## Exercise data
lemma herm_points_shift_iff:
  fixes x0 y0 \<alpha> s :: "'a::field"
  assumes add_power: "\<And>x y::'a. (x + y) ^ q = x ^ q + y ^ q"
    and power_power: "\<And>x::'a. x ^ (q * q) = x"
    and "(x0, y0) \<in> herm_points q"
  shows "(x0 + \<alpha> * s, y0 + s) \<in> herm_points q \<longleftrightarrow>
    (\<alpha> - y0 ^ q) ^ q * s ^ q + (\<alpha> - y0 ^ q) * s = s ^ (q + 1)"
proof -
  have "(\<alpha> - y0 ^ q) ^ q + y0 = \<alpha> ^ q"
    using add_power[of "\<alpha> - y0 ^ q" "y0 ^ q"] by (simp add: power_mult[symmetric] power_power)
  then have \<gamma>: "(\<alpha> - y0 ^ q) ^ q = \<alpha> ^ q - y0"
    by (simp add: eq_diff_eq)
  have lhs: "(x0 + \<alpha> * s) ^ q + (x0 + \<alpha> * s) = y0 ^ (q + 1) + (\<alpha> ^ q * s ^ q + \<alpha> * s)"
    using assms(3) by (simp add: herm_points_def add_power power_mult_distrib)
  have rhs: "(y0 + s) ^ (q + 1) = y0 ^ (q + 1) + (y0 ^ q * s + y0 * s ^ q + s ^ (q + 1))"
    by (simp add: add_power algebra_simps)
  have "(x0 + \<alpha> * s, y0 + s) \<in> herm_points q \<longleftrightarrow>
      (x0 + \<alpha> * s) ^ q + (x0 + \<alpha> * s) = (y0 + s) ^ (q + 1)"
    by (simp add: herm_points_def)
  also have "\<dots> \<longleftrightarrow> \<alpha> ^ q * s ^ q + \<alpha> * s = y0 ^ q * s + y0 * s ^ q + s ^ (q + 1)"
    by (simp only: lhs rhs add_left_cancel)
  also have "\<dots> \<longleftrightarrow> (\<alpha> ^ q - y0) * s ^ q + (\<alpha> - y0 ^ q) * s = s ^ (q + 1)"
    by (auto simp: algebra_simps)
  finally show ?thesis
    by (simp only: \<gamma>)
qed

lemma trace_one_nonzero: "q > 0 \<Longrightarrow> z ^ q + z = 1 \<Longrightarrow> (z::'a::field) \<noteq> 0"
  by (auto simp: power_0_left)

lemma trace_one_solves_secant_equation:
  fixes \<gamma> z :: "'a::field"
  assumes power_power: "\<And>x::'a. x ^ (q * q) = x"
    and "q > 0" "z ^ q + z = 1"
  defines "s \<equiv> \<gamma> ^ q / z"
  shows "\<gamma> ^ q * s ^ q + \<gamma> * s = s ^ (q + 1)"
proof -
  have "z \<noteq> 0"
    using assms(2,3) by (rule trace_one_nonzero)
  then have "z ^ q \<noteq> 0"
    by simp
  have "s ^ q = \<gamma> / z ^ q"
    by (simp add: s_def power_divide power_mult[symmetric] power_power)
  then have "\<gamma> ^ q * s ^ q + \<gamma> * s = \<gamma> ^ q * \<gamma> * (z + z ^ q) / (z ^ q * z)"
    using \<open>z \<noteq> 0\<close> \<open>z ^ q \<noteq> 0\<close> by (simp add: s_def field_simps)
  also have "\<dots> = s ^ q * s"
    using \<open>s ^ q = \<gamma> / z ^ q\<close> assms(3) by (simp add: s_def add.commute)
  finally show ?thesis
    by simp
qed

(* For alpha ~= y0^q, the y-coordinates of the points other than (x0, y0) where the curve
   meets the line of slope alpha through (x0, y0). *)
definition secant_ordinates :: "nat \<Rightarrow> 'a::field \<Rightarrow> 'a \<Rightarrow> 'a set" where
  "secant_ordinates q y0 \<alpha> = (\<lambda>z. y0 + (\<alpha> - y0 ^ q) ^ q / z) ` {z. z ^ q + z = 1}"

definition herm_secant :: "nat \<Rightarrow> 'a::field \<Rightarrow> 'a \<Rightarrow> 'a \<Rightarrow> ('a \<times> 'a) set" where
  "herm_secant q x0 y0 \<alpha> = herm_line \<alpha> (x0 - \<alpha> * y0) ` secant_ordinates q y0 \<alpha>"

lemma herm_line_through: "herm_line \<alpha> (x0 - \<alpha> * y0) (y0 + s) = (x0 + \<alpha> * s, y0 + s)"
  by (simp add: herm_line_def algebra_simps)

lemma secant_ordinates_ne:
  assumes "q > 0" "\<alpha> \<noteq> y0 ^ q" "t \<in> secant_ordinates q y0 \<alpha>"
  shows "t \<noteq> y0"
  using assms by (auto simp: secant_ordinates_def power_0_left)

lemma card_secant_ordinates:
  fixes y0 \<alpha> :: "'a::field"
  assumes "q > 0" "\<alpha> \<noteq> y0 ^ q"
  shows "card (secant_ordinates q y0 \<alpha>) = card {z::'a. z ^ q + z = 1}"
proof -
  have "inj_on (\<lambda>z. y0 + (\<alpha> - y0 ^ q) ^ q / z) {z. z ^ q + z = 1}"
    using assms trace_one_nonzero[OF \<open>q > 0\<close>] by (intro inj_onI) (auto simp: field_simps)
  then show ?thesis
    by (simp add: secant_ordinates_def card_image)
qed

lemma card_herm_secant:
  fixes x0 y0 \<alpha> :: "'a::field"
  assumes "q > 0" "\<alpha> \<noteq> y0 ^ q"
  shows "card (herm_secant q x0 y0 \<alpha>) = card {z::'a. z ^ q + z = 1}"
proof -
  have "card (herm_secant q x0 y0 \<alpha>) = card (secant_ordinates q y0 \<alpha>)"
    unfolding herm_secant_def by (rule card_image) (metis inj_herm_line inj_on_subset subset_UNIV)
  then show ?thesis
    using assms by (simp add: card_secant_ordinates)
qed

lemma herm_secant_subset:
  fixes x0 y0 \<alpha> :: "'a::field"
  assumes add_power: "\<And>x y::'a. (x + y) ^ q = x ^ q + y ^ q"
    and power_power: "\<And>x::'a. x ^ (q * q) = x"
    and "q > 0" "(x0, y0) \<in> herm_points q"
  shows "herm_secant q x0 y0 \<alpha> \<subseteq> herm_points q"
proof
  fix Q assume "Q \<in> herm_secant q x0 y0 \<alpha>"
  then obtain z where "z ^ q + z = 1"
    and Q: "Q = herm_line \<alpha> (x0 - \<alpha> * y0) (y0 + (\<alpha> - y0 ^ q) ^ q / z)"
    by (auto simp: herm_secant_def secant_ordinates_def)
  define s where "s = (\<alpha> - y0 ^ q) ^ q / z"
  have "(\<alpha> - y0 ^ q) ^ q * s ^ q + (\<alpha> - y0 ^ q) * s = s ^ (q + 1)"
    unfolding s_def using power_power \<open>q > 0\<close> \<open>z ^ q + z = 1\<close>
    by (rule trace_one_solves_secant_equation)
  then show "Q \<in> herm_points q"
    unfolding Q herm_line_through s_def[symmetric]
    using herm_points_shift_iff[OF add_power power_power \<open>(x0, y0) \<in> herm_points q\<close>] by blast
qed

## What to do
Transcribe all of the data so that each line matches the source exactly.

## Written reply
lemma herm_points_shift_iff:
  fixes x0 y0 \<alpha> s :: "'a::field"
  assumes add_power: "\<And>x y::'a. (x + y) ^ q = x ^ q + y ^ q"
    and power_power: "\<And>x::'a. x ^ (q * q) = x"
    and "(x0, y0) \<in> herm_points q"
  shows "(x0 + \<alpha> * s, y0 + s) \<in> herm_points q \<longleftrightarrow>
    (\<alpha> - y0 ^ q) ^ q * s ^ q + (\<alpha> - y0 ^ q) * s = s ^ (q + 1)"
proof -
  have "(\<alpha> - y0 ^ q) ^ q + y0 = \<alpha> ^ q"
    using add_power[of "\<alpha> - y0 ^ q" "y0 ^ q"] by (simp add: power_mult[symmetric] power_power)
  then have \<gamma>: "(\<alpha> - y0 ^ q) ^ q = \<alpha> ^ q - y0"
    by (simp add: eq_diff_eq)
  have lhs: "(x0 + \<alpha> * s) ^ q + (x0 + \<alpha> * s) = y0 ^ (q + 1) + (\<alpha> ^ q * s ^ q + \<alpha> * s)"
    using assms(3) by (simp add: herm_points_def add_power power_mult_distrib)
  have rhs: "(y0 + s) ^ (q + 1) = y0 ^ (q + 1) + (y0 ^ q * s + y0 * s ^ q + s ^ (q + 1))"
    by (simp add: add_power algebra_simps)
  have "(x0 + \<alpha> * s, y0 + s) \<in> herm_points q \<longleftrightarrow>
      (x0 + \<alpha> * s) ^ q + (x0 + \<alpha> * s) = (y0 + s) ^ (q + 1)"
    by (simp add: herm_points_def)
  also have "\<dots> \<longleftrightarrow> \<alpha> ^ q * s ^ q + \<alpha> * s = y0 ^ q * s + y0 * s ^ q + s ^ (q + 1)"
    by (simp only: lhs rhs add_left_cancel)
  also have "\<dots> \<longleftrightarrow> (\<alpha> ^ q - y0) * s ^ q + (\<alpha> - y0 ^ q) * s = s ^ (q + 1)"
    by (auto simp: algebra_simps)
  finally show ?thesis
    by (simp only: \<gamma>)
qed

lemma trace_one_nonzero: "q > 0 \<Longrightarrow> z ^ q + z = 1 \<Longrightarrow> (z::'a::field) \<noteq> 0"
  by (auto simp: power_0_left)

lemma trace_one_solves_secant_equation:
  fixes \<gamma> z :: "'a::field"
  assumes power_power: "\<And>x::'a. x ^ (q * q) = x"
    and "q > 0" "z ^ q + z = 1"
  defines "s \<equiv> \<gamma> ^ q / z"
  shows "\<gamma> ^ q * s ^ q + \<gamma> * s = s ^ (q + 1)"
proof -
  have "z \<noteq> 0"
    using assms(2,3) by (rule trace_one_nonzero)
  then have "z ^ q \<noteq> 0"
    by simp
  have "s ^ q = \<gamma> / z ^ q"
    by (simp add: s_def power_divide power_mult[symmetric] power_power)
  then have "\<gamma> ^ q * s ^ q + \<gamma> * s = \<gamma> ^ q * \<gamma> * (z + z ^ q) / (z ^ q * z)"
    using \<open>z \<noteq> 0\<close> \<open>z ^ q \<noteq> 0\<close> by (simp add: s_def field_simps)
  also have "\<dots> = s ^ q * s"
    using \<open>s ^ q = \<gamma> / z ^ q\<close> assms(3) by (simp add: s_def add.commute)
  finally show ?thesis
    by simp
qed

(* For alpha ~= y0^q, the y-coordinates of the points other than (x0, y0) where the curve
   meets the line of slope alpha through (x0, y0). *)
definition secant_ordinates :: "nat \<Rightarrow> 'a::field \<Rightarrow> 'a \<Rightarrow> 'a set" where
  "secant_ordinates q y0 \<alpha> = (\<lambda>z. y0 + (\<alpha> - y0 ^ q) ^ q / z) ` {z. z ^ q + z = 1}"

definition herm_secant :: "nat \<Rightarrow> 'a::field \<Rightarrow> 'a \<Rightarrow> 'a \<Rightarrow> ('a \<times> 'a) set" where
  "herm_secant q x0 y0 \<alpha> = herm_line \<alpha> (x0 - \<alpha> * y0) ` secant_ordinates q y0 \<alpha>"

lemma herm_line_through: "herm_line \<alpha> (x0 - \<alpha> * y0) (y0 + s) = (x0 + \<alpha> * s, y0 + s)"
  by (simp add: herm_line_def algebra_simps)

lemma secant_ordinates_ne:
  assumes "q > 0" "\<alpha> \<noteq> y0 ^ q" "t \<in> secant_ordinates q y0 \<alpha>"
  shows "t \<noteq> y0"
  using assms by (auto simp: secant_ordinates_def power_0_left)

lemma card_secant_ordinates:
  fixes y0 \<alpha> :: "'a::field"
  assumes "q > 0" "\<alpha> \<noteq> y0 ^ q"
  shows "card (secant_ordinates q y0 \<alpha>) = card {z::'a. z ^ q + z = 1}"
proof -
  have "inj_on (\<lambda>z. y0 + (\<alpha> - y0 ^ q) ^ q / z) {z. z ^ q + z = 1}"
    using assms trace_one_nonzero[OF \<open>q > 0\<close>] by (intro inj_onI) (auto simp: field_simps)
  then show ?thesis
    by (simp add: secant_ordinates_def card_image)
qed

lemma card_herm_secant:
  fixes x0 y0 \<alpha> :: "'a::field"
  assumes "q > 0" "\<alpha> \<noteq> y0 ^ q"
  shows "card (herm_secant q x0 y0 \<alpha>) = card {z::'a. z ^ q + z = 1}"
proof -
  have "card (herm_secant q x0 y0 \<alpha>) = card (secant_ordinates q y0 \<alpha>)"
    unfolding herm_secant_def by (rule card_image) (metis inj_herm_line inj_on_subset subset_UNIV)
  then show ?thesis
    using assms by (simp add: card_secant_ordinates)
qed

lemma herm_secant_subset:
  fixes x0 y0 \<alpha> :: "'a::field"
  assumes add_power: "\<And>x y::'a. (x + y) ^ q = x ^ q + y ^ q"
    and power_power: "\<And>x::'a. x ^ (q * q) = x"
    and "q > 0" "(x0, y0) \<in> herm_points q"
  shows "herm_secant q x0 y0 \<alpha> \<subseteq> herm_points q"
proof
  fix Q assume "Q \<in> herm_secant q x0 y0 \<alpha>"
  then obtain z where "z ^ q + z = 1"
    and Q: "Q = herm_line \<alpha> (x0 - \<alpha> * y0) (y0 + (\<alpha> - y0 ^ q) ^ q / z)"
    by (auto simp: herm_secant_def secant_ordinates_def)
  define s where "s = (\<alpha> - y0 ^ q) ^ q / z"
  have "(\<alpha> - y0 ^ q) ^ q * s ^ q + (\<alpha> - y0 ^ q) * s = s ^ (q + 1)"
    unfolding s_def using power_power \<open>q > 0\<close> \<open>z ^ q + z = 1\<close>
    by (rule trace_one_solves_secant_equation)
  then show "Q \<in> herm_points q"
    unfolding Q herm_line_through s_def[symmetric]
    using herm_points_shift_iff[OF add_power power_power \<open>(x0, y0) \<in> herm_points q\<close>] by blast
qed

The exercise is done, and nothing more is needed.